Après quatre semaines qui ont transformé la Puerta del Sol, à Madrid, en un symbole du malaise de l'Espagne face au chômage et à la crise, les jeunes "indignés" démontent leur campement dimanche en promettant de continuer à faire entendre leur voix.
"Si vous ne nous laissez pas rêver, nous ne vous laisserons pas dormir", avaient-ils prévenu en plantant leur village alternatif le 17 mai sur la grande place du "kilomètre zéro", au coeur de la capitale espagnole.
Presque un mois plus tard, malgré un avenir en point d'interrogation, les "indignés" annoncent d'autres rendez-vous, à commencer par une journée nationale le 19 juin.
"La place restera un lieu d'assemblées, chaque quartier continuera à travailler et nous poursuivrons le mouvement sur internet", assure un porte-parole, Marcos Quesada, étudiant en droit de 19 ans.
Déjà, les manifestants ont construit au milieu de la Puerta del Sol une structure en planches de chantier et matériaux de récupération, leur futur point d'information permanent.
"Pour que reste vivant le symbole de Sol", explique Irene Rodriguez, une jeune fille de 22 ans qui travaille à la commission des "infrastructures", "au chômage malgré deux diplômes d'architecte et d'ingénieur, et trois langues".
Le mouvement était né spontanément le 15 mai d'une manifestation de citoyens autour de cibles disparates: le chômage qui frappe plus de quatre millions d'Espagnols et presque la moitié des moins de 25 ans, les politiciens taxés de cynisme et de corruption, les banques, les dérives du capitalisme.
Très vite, relayé par les réseaux sociaux, il a tissé sa toile à travers l'Espagne, dans une fronde au ton libertaire, inédite dans ce pays où des campements ont fleuri sur les places publiques de dizaines de villes et villages.
Après les rassemblements de dizaines de milliers de personnes au moment des élections locales du 22 mai, le campement s'est vidé au fil des jours, mais les "indignés" ne désarment pas.
"Je suis ici depuis le premier jour, et je suis fatiguée", confie Irene Rodriguez. "C'est difficile. Les gens doivent continuer leur vie, leur travail. Et beaucoup préfèrent regarder depuis leur canapé".

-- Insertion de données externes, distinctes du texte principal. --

(* Let $n\ge 2$, let $X\subset\mathbb{R}^n$ be finite with the Euclidean metric $d$, let $\epsilon>0$ and let $A\subset X$. Let $x\in X\setminus A$ and $r\in\mathbb{N}\cup\{0\}$. Then for any $p\in A\setminus(\partial A)^{\mathfrak{n}+r}_A$ there exists $a\in(\partial A)_A$ such that \[ d(p,x)>d(a,x)+r\frac{\epsilon}{2\sqrt n}. \] In particular, for any $x\in X\setminus A$ and $p\in A$, there exists $a\in(\partial A)^{\mathfrak{n}}_A$ such that $d(a,x)\le d(p,x)$.
   Context: $\mathcal{Q}=\mathcal{Q}(\epsilon)$ is the collection of closed cubes $\{x\in\mathbb{R}^n: j_i\frac{\epsilon}{2\sqrt n}\le x_i\le (j_i+1)\frac{\epsilon}{2\sqrt n},\ i=1,\dots,n\}$, $j\in\mathbb{Z}^n$. For a cube $S\in\mathcal{Q}$ and integer $m\ge0$, $S^m=\{x\in\mathbb{R}^n:\max_i|x_i-s_i|\le m\frac{\epsilon}{2\sqrt n}\text{ for some }s\in S\}$. For $B\subset\mathbb{R}^n$, $\mathcal{I}(B)=\{S\in\mathcal{Q}: S\cap B\ne\emptyset\}$, and for $Y\subset\mathbb{R}^n$, $Y_B=Y\cap B$. A cube $S\in\mathcal{I}(A)$ is an interior cube of $A$ if $S^1\cap X\subset A$ and every cube $T\in\mathcal{Q}$ with $T\subset S^1$ lies in $\mathcal{I}(A)$; otherwise $S\in\mathcal{I}(A)$ is a boundary cube of $A$. The boundary $\partial A$ is the union of all boundary cubes of $A$. For $Y\subset\mathbb{R}^n$ and integer $N\ge0$, the $N$-extension is $Y^N=\bigcup_{S\in\mathcal{I}(Y)}S^N$. Thus $(\partial A)^N_A=(\partial A)^N\cap A$ and $(\partial A)_A=\partial A\cap A$. $\mathfrak{n}$ is the smallest integer with $\mathfrak{n}\ge\sqrt n-1$. *)

theory Defs
  imports "HOL-Analysis.Analysis"
begin

definition gcube :: "real \<Rightarrow> int ^ 'n \<Rightarrow> (real ^ 'n::finite) set" where
  "gcube eps j = {x. \<forall>i. of_int (j $ i) * (eps / (2 * sqrt (real CARD('n)))) \<le> x $ i \<and>
                        x $ i \<le> (of_int (j $ i) + 1) * (eps / (2 * sqrt (real CARD('n))))}"

definition gcubes :: "real \<Rightarrow> (real ^ 'n::finite) set set" where
  "gcubes eps = range (gcube eps)"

Ces jours-ci pourtant, ils sont passés à d'autres formes d'action: sit-in nocturne, mercredi, devant le parlement, ciblant la classe politique aux cris de "bien sûr, bien sûr qu'ils ne nous représentent pas".
Puis samedi, face-à-face mouvementé avec la police anti-émeutes pour accueillir la réélection du maire conservateur de Madrid, Alberto Ruiz-Gallardon.

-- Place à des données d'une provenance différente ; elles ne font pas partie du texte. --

text \<open>Division with remainder w = q h + r of the cofactor w = p / f yields the combination
  q (f h) + r f; the degree bound on p forces deg q < k.\<close>

lemma dvd_iff_G_combination:
  fixes f h p :: "'a::field poly"
  assumes "f \<noteq> 0" "h \<noteq> 0" "degree f = n - d" "degree h = d - k" "k \<le> d" "d \<le> n"
    and p: "\<forall>j\<ge>n. coeff p j = 0"
  shows "f dvd p \<longleftrightarrow> (\<exists>lam. p = G_combination k d (f * h) f lam)"
proof
  assume "f dvd p"
  then obtain w where w: "p = f * w" by (elim dvdE)
  define q where "q = w div h"
  define r where "r = w mod h"
  have p_qr: "p = q * (f * h) + r * f"
    unfolding w q_def r_def by (metis div_mult_mod_eq distrib_left mult.commute mult.left_commute)
  have r_vanish: "\<forall>j\<ge>d - k. coeff r j = 0"
    using degree_mod_less[OF \<open>h \<noteq> 0\<close>, of w] assms(4) by (auto simp: r_def intro: coeff_eq_0)
  have q_vanish: "\<forall>j\<ge>k. coeff q j = 0"
  proof (rule ccontr)
    assume "\<not> (\<forall>j\<ge>k. coeff q j = 0)"
    then obtain j where "k \<le> j" "coeff q j \<noteq> 0" by blast
    hence "q \<noteq> 0" and "k \<le> degree q" using le_degree by fastforce+
    define D where "D = degree (q * (f * h))"
    have D: "D = degree q + degree f + degree h"
      using \<open>q \<noteq> 0\<close> assms(1,2) by (simp add: D_def degree_mult_eq)
    have "coeff (r * f) D = 0"
    proof (cases "r = 0")
      case False
      hence "degree r < degree h" using degree_mod_less[OF \<open>h \<noteq> 0\<close>, of w] by (simp add: r_def)
      hence "degree (r * f) < D" using degree_mult_le[of r f] D by linarith
      thus ?thesis by (simp add: coeff_eq_0)
    qed simp
    hence "coeff p D \<noteq> 0"
      using \<open>q \<noteq> 0\<close> assms(1,2) by (simp add: p_qr D_def)
    moreover have "n \<le> D" using D \<open>k \<le> degree q\<close> assms(3-6) by linarith
    ultimately show False using p by blast
  qed
  define lam where "lam i = (if i < k then coeff q i else coeff r (i - k))" for i
  have "poly_of_vec k lam = q" "poly_of_vec (d - k) (\<lambda>i. lam (k + i)) = r"
    using poly_of_vec_coeff[OF q_vanish] poly_of_vec_coeff[OF r_vanish]
    by (auto simp: lam_def poly_of_vec_def intro!: sum.cong)
  hence "p = G_combination k d (f * h) f lam" by (simp add: G_combination_def p_qr)
  thus "\<exists>lam. p = G_combination k d (f * h) f lam" by blast
next
  assume "\<exists>lam. p = G_combination k d (f * h) f lam"
  thus "f dvd p" by (auto simp: G_combination_def algebra_simps)
qed

lemma G_matrix_generator:
  fixes f g :: "'a::field poly"
  assumes "f dvd g" "g \<noteq> 0" "degree g = n - k" "degree f = n - d" "k \<le> d" "d \<le> n"
  shows "is_generator_matrix d n (G_matrix k g f) (rs_code n f)"
proof -
  obtain h where g: "g = f * h" using assms(1) by (elim dvdE)
  with assms(2) have "f \<noteq> 0" "h \<noteq> 0" by auto
  hence "degree h = d - k" using assms(3-6) by (simp add: g degree_mult_eq)
  note comb = G_matrix_row_combination[OF \<open>k \<le> d\<close>, of _ g f]
  have vanish: "\<forall>j\<ge>n. coeff (G_combination k d g f lam) j = 0" for lam
    using assms(3-6) by (auto intro: coeff_G_combination_eq_0)
  have "rows_lin_indep d n (G_matrix k g f)"
    unfolding rows_lin_indep_def
  proof (intro allI impI)
    fix lam :: "nat \<Rightarrow> 'a" and r assume "\<forall>j<n. (\<Sum>r<d. lam r * G_matrix k g f r j) = 0" "r < d"
    hence "G_combination k d g f lam = 0"
      using vanish by (auto simp: poly_eq_iff comb not_le[symmetric])
    thus "lam r = 0"
      using G_combination_eq_0D \<open>f \<noteq> 0\<close> \<open>h \<noteq> 0\<close> \<open>degree h = d - k\<close> \<open>r < d\<close> g by blast
  qed
  moreover have "c \<in> row_space d n (G_matrix k g f) \<longleftrightarrow> c \<in> rs_code n f" for c
  proof -
    have "c \<in> row_space d n (G_matrix k g f) \<longleftrightarrow>
          (\<forall>j\<ge>n. c j = 0) \<and> (\<exists>lam. poly_of_vec n c = G_combination k d g f lam)"
      by (simp add: row_space_def comb poly_of_vec_eq_iff[OF vanish])
    also have "\<dots> \<longleftrightarrow> c \<in> rs_code n f"
      using dvd_iff_G_combination[OF \<open>f \<noteq> 0\<close> \<open>h \<noteq> 0\<close> assms(4) \<open>degree h = d - k\<close> assms(5,6),
          of "poly_of_vec n c"]
      by (auto simp: rs_code_iff g coeff_poly_of_vec)
    finally show ?thesis .
  qed
  ultimately show ?thesis by (auto simp: is_generator_matrix_def)
qed

lemma is_generator_matrix_cong:
  assumes "\<And>r j. r < t \<Longrightarrow> j < n \<Longrightarrow> M r j = M' r j"
  shows "is_generator_matrix t n M C \<longleftrightarrow> is_generator_matrix t n M' C"
proof -
  have "(\<Sum>r<t. lam r * M r j) = (\<Sum>r<t. lam r * M' r j)" if "j < n" for lam j
    using assms that by simp
  thus ?thesis
    by (simp add: is_generator_matrix_def rows_lin_indep_def row_space_def cong: conj_cong)
qed

lemma G_matrix_generator_first_rows:
  fixes f g :: "'a::field poly"
  assumes "g \<noteq> 0" "degree g = n - k" "k \<le> n"
  shows "is_generator_matrix k n (G_matrix k g f) (rs_code n g)"
proof -
  have "is_generator_matrix k n (G_matrix k g g) (rs_code n g)"
    using assms by (intro G_matrix_generator) auto
  thus ?thesis by (rule iffD1[OF is_generator_matrix_cong, rotated]) (simp add: G_matrix_def)
qed

lemma card_shift_row_support_le: "card {j. j < n \<and> shift_row p s j \<noteq> 0} \<le> degree p + 1"
proof -
  have "{j. j < n \<and> shift_row p s j \<noteq> 0} \<subseteq> {s..s + degree p}"
    by (auto simp: shift_row_def split: if_splits dest: le_degree)
  from card_mono[OF _ this] show ?thesis by simp
qed

lemma update_complexity_G_matrix_le:
  assumes "0 < d" "degree f \<le> degree g"
  shows "update_complexity d n (G_matrix k g f) \<le> degree g + 1"
  unfolding update_complexity_def
proof (rule Max.boundedI)
  fix w assume "w \<in> row_weight n (G_matrix k g f) ` {..<d}"
  then obtain r where "w = row_weight n (G_matrix k g f) r" by blast
  thus "w \<le> degree g + 1"
    using card_shift_row_support_le[of n g r] card_shift_row_support_le[of n f "r - k"] assms(2)
    by (cases "r < k") (simp_all add: row_weight_def G_matrix_def)
qed (use \<open>0 < d\<close> in auto)

lemma row_weight_le_update_complexity: "r < t \<Longrightarrow> row_weight n M r \<le> update_complexity t n M"
  by (simp add: update_complexity_def)

text \<open>Each row of a generator matrix is a nonzero codeword, so the BCH bound applies to it.\<close>

lemma generator_matrix_row_weight_ge:
  fixes a :: "'a::field"
  assumes M: "is_generator_matrix t n M (rs_code n (rs_gen_poly a s))"
    and "a \<noteq> 0" "inj_on (\<lambda>i. a ^ i) {..<n}" and "r < t"
  shows "s + 1 \<le> row_weight n M r"
proof -
  define c where "c j = (if j < n then M r j else 0)" for j
  define e :: "nat \<Rightarrow> 'a" where "e i = (if i = r then 1 else 0)" for i
  have row: "(\<Sum>i<t. e i * M i j) = M r j" for j
    using \<open>r < t\<close> by (simp add: e_def if_distrib[of "\<lambda>x. x * _"] cong: if_cong)
  have "c \<in> row_space t n M"
    unfolding row_space_def c_def by (auto intro!: exI[of _ e] simp: row)
  hence "c \<in> rs_code n (rs_gen_poly a s)" using M by (simp add: is_generator_matrix_def)
  moreover have "\<exists>j0<n. M r j0 \<noteq> 0"
  proof (rule ccontr)
    assume "\<not> (\<exists>j0<n. M r j0 \<noteq> 0)"
    hence "e r = 0"
      using M \<open>r < t\<close> by (simp add: is_generator_matrix_def rows_lin_indep_def row)
    thus False by (simp add: e_def)
  qed
  then obtain j0 where "j0 < n" "M r j0 \<noteq> 0" by blast
  ultimately have "s + 1 \<le> card {j. j < n \<and> c j \<noteq> 0}"
    using rs_code_weight_ge[OF assms(2,3), of c s j0] by (simp add: c_def)
  also have "{j. j < n \<and> c j \<noteq> 0} = {j. j < n \<and> M r j \<noteq> 0}" by (auto simp: c_def)
  finally show ?thesis by (simp add: row_weight_def)
qed

lemma update_complexity_ge:
  fixes a :: "'a::field"
  assumes "is_generator_matrix k n M (rs_code n (rs_gen_poly a s))"
    and "a \<noteq> 0" "inj_on (\<lambda>i. a ^ i) {..<n}" and "0 < k" "k \<le> d"
  shows "s + 1 \<le> update_complexity d n M"
proof -
  have "s + 1 \<le> row_weight n M 0"
    using assms(1-4) by (rule generator_matrix_row_weight_ge)
  also have "\<dots> \<le> update_complexity d n M"
    using assms(4,5) by (intro row_weight_le_update_complexity) auto
  finally show ?thesis .
qed

theorem corollary4:
  fixes a :: "'a::{field,finite}" and m n k d :: nat
  assumes "card (UNIV :: 'a set) = 2 ^ m"
    and "primitive_element a"
    and "n \<le> 2 ^ m - 1"
    and "1 \<le> k" and "k \<le> d" and "d \<le> n - 1"
  shows "least_update_complexity n k d (rs_gen_poly a (n - k)) (rs_gen_poly a (n - d))
           (G_matrix k (rs_gen_poly a (n - k)) (rs_gen_poly a (n - d)))"
proof -
  define g f where "g = rs_gen_poly a (n - k)" and "f = rs_gen_poly a (n - d)"
  have "2 < card (UNIV :: 'a set)" using assms(1,3-6) by linarith
  hence "a \<noteq> 0" using assms(2) by (rule primitive_element_nonzero[rotated])
  have inj: "inj_on (\<lambda>i. a ^ i) {..<n}"
    using inj_on_power_primitive_element[OF assms(2) \<open>a \<noteq> 0\<close>] assms(1,3)
    by (auto elim!: inj_on_subset)
  have deg: "degree g = n - k" "degree f = n - d" "g \<noteq> 0"
    by (simp_all add: g_def f_def degree_rs_gen_poly rs_gen_poly_nonzero)
  have "f dvd g" using assms(5) by (simp add: f_def g_def rs_gen_poly_dvd)
  have "is_generator_matrix k n (G_matrix k g f) (rs_code n g)"
    using deg assms(5,6) by (intro G_matrix_generator_first_rows) auto
  moreover have "is_generator_matrix d n (G_matrix k g f) (rs_code n f)"
    using \<open>f dvd g\<close> deg assms(5,6) by (intro G_matrix_generator) auto
  moreover have "update_complexity d n (G_matrix k g f) \<le> n - k + 1"
    using update_complexity_G_matrix_le[of d f g n k] deg assms(4,5) by simp
  moreover have "n - k + 1 \<le> update_complexity d n M'" if "mbr_admissible n k d g f M'" for M'
    using that \<open>a \<noteq> 0\<close> inj assms(4,5)
    by (intro update_complexity_ge[where a = a]) (auto simp: mbr_admissible_def g_def)
  ultimately show ?thesis
    unfolding least_update_complexity_def mbr_admissible_def f_def[symmetric] g_def[symmetric]
    by (meson order_trans)
qed

end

"Depuis la décision mardi de lever le campement, le mouvement s'est réveillé, nous sommes revenus à notre but, avec des cibles politiques", assure un représentant des "indignés" en refusant de dévoiler son nom.
Leur plate-forme réclame une modification de la loi électorale, accusée de ne pas donner de place aux petits partis, la "transparence" des instances politiques et économiques, la participation des citoyens à la vie politique.
Mais les outils restent flous, les propositions concrètes rares, les leaders inexistants. Et l'avenir des "indignés", pourtant soutenus par l'opinion publique, très incertain.
"Qu'ils nous apportent des propositions recueillant 500.000 signatures et nous les examinerons", remarquait un responsable gouvernemental.
"Leur avenir dépendra de leur imagination afin de se maintenir unis et informés. Les indignés sont un collectif beaucoup plus vaste que ceux qui campent sur les places", analysait Antonio Alaminos, sociologue de l'université d'Alicante.
"Il est important que cette indignation soit canalisée à travers des projets coordonnés", remarque Israel Rodriguez Giralt, professeur de sciences de l'éducation à l'université de Barcelone. "C'est la force et aussi le défi de ce mouvement".